» **Prompt**: Please transcribe the line with "fixes a b N :: int" and the lines after it through the end of the listing below, keeping both ends and nothing more.

» **Data under study**:
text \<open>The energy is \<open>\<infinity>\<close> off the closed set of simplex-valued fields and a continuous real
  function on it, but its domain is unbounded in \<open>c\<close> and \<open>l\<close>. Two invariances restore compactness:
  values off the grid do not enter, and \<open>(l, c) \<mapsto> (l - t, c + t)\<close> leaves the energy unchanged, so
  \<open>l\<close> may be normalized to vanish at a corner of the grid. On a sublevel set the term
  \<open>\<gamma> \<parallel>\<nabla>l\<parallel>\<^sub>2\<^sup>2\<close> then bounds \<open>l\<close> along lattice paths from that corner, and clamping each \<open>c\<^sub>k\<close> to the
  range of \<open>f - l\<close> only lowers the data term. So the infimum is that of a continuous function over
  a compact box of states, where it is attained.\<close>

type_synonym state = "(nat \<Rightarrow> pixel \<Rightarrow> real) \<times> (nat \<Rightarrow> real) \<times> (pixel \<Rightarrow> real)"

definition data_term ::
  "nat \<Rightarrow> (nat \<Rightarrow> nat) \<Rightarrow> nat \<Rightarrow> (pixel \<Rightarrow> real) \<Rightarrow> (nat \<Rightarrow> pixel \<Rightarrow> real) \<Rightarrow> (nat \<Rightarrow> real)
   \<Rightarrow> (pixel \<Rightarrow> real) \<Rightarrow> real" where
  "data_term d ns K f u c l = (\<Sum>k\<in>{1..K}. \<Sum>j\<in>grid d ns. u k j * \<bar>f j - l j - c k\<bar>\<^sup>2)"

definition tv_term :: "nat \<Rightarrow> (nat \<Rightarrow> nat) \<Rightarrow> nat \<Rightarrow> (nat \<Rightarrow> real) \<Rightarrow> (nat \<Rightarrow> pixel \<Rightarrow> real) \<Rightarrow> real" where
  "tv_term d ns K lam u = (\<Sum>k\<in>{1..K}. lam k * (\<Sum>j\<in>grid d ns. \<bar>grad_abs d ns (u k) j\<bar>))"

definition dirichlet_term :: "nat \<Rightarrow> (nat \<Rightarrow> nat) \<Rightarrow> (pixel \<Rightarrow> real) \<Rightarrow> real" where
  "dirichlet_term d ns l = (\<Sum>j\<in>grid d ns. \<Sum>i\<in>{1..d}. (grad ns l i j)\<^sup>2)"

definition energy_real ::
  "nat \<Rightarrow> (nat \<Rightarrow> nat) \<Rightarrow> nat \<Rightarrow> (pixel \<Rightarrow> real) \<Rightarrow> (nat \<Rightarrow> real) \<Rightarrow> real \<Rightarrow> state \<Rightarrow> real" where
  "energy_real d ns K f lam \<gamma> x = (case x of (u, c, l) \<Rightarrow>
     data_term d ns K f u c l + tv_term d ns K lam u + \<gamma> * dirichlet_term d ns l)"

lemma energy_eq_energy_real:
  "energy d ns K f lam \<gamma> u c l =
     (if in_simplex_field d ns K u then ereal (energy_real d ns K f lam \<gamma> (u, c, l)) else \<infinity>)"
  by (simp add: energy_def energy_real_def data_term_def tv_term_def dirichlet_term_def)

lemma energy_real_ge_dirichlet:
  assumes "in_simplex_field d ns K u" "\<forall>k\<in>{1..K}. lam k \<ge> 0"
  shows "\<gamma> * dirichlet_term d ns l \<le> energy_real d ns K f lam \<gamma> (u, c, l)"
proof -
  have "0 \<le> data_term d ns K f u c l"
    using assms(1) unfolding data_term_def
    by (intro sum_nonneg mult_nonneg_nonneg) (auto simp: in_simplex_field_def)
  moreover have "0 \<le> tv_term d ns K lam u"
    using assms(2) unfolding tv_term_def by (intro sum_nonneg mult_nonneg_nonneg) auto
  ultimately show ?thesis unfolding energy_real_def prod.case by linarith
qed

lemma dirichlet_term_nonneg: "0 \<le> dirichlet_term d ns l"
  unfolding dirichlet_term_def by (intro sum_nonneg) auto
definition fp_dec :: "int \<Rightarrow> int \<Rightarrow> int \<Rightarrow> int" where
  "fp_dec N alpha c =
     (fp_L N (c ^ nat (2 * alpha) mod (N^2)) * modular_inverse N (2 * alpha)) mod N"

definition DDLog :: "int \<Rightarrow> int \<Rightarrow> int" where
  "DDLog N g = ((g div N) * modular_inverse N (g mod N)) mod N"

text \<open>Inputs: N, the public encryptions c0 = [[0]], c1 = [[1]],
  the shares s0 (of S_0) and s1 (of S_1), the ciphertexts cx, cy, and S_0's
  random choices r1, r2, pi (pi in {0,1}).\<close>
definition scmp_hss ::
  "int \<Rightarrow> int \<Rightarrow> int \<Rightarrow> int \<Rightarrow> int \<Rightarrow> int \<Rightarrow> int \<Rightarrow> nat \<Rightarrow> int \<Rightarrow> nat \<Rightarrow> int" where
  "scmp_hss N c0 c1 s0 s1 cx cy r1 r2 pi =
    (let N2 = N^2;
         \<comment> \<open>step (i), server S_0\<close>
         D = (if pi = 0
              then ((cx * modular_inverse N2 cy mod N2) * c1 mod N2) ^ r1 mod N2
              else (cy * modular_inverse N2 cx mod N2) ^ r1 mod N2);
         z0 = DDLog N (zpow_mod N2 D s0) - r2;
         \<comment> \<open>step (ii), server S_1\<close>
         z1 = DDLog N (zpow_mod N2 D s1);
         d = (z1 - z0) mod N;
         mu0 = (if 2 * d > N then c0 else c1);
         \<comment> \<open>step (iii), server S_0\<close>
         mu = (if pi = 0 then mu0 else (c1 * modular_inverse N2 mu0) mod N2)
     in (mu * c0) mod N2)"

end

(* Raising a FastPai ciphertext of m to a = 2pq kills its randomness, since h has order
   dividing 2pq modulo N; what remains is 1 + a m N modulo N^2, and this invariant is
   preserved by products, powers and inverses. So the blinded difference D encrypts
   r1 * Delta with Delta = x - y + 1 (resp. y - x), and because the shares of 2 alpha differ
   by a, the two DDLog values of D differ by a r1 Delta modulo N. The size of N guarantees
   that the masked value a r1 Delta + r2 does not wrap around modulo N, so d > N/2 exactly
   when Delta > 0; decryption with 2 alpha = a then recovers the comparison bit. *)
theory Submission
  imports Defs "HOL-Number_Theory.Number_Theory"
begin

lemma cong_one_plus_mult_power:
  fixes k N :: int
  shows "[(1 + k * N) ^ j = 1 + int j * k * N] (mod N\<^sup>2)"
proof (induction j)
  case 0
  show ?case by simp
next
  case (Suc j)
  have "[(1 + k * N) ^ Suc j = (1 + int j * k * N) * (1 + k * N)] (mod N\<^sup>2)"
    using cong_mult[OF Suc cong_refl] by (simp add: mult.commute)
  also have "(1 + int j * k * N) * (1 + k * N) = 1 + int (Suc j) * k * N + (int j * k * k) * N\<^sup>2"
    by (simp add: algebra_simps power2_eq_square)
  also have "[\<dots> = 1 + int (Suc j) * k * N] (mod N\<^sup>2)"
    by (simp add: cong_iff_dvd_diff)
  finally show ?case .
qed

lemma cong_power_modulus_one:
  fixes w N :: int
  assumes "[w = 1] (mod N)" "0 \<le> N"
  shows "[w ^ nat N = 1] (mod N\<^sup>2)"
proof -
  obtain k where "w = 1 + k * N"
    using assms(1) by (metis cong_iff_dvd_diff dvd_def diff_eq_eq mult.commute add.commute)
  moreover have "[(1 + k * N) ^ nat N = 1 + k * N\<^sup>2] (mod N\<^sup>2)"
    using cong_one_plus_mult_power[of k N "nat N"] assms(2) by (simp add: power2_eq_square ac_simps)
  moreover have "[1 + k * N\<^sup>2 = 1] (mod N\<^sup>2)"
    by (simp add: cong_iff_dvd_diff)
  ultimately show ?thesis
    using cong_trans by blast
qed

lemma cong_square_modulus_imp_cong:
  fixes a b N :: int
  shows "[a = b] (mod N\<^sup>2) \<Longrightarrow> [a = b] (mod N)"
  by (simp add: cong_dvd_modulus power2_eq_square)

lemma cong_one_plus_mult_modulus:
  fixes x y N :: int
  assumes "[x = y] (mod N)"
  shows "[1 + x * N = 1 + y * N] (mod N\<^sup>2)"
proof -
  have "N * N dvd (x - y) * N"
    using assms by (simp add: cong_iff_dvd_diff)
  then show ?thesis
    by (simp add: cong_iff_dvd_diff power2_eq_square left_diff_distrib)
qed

» **Result for this exercise**:
  fixes a b N :: int
  shows "[a = b] (mod N\<^sup>2) \<Longrightarrow> [a = b] (mod N)"
  by (simp add: cong_dvd_modulus power2_eq_square)

lemma cong_one_plus_mult_modulus:
  fixes x y N :: int
  assumes "[x = y] (mod N)"
  shows "[1 + x * N = 1 + y * N] (mod N\<^sup>2)"
proof -
  have "N * N dvd (x - y) * N"
    using assms by (simp add: cong_iff_dvd_diff)
  then show ?thesis
    by (simp add: cong_iff_dvd_diff power2_eq_square left_diff_distrib)
qed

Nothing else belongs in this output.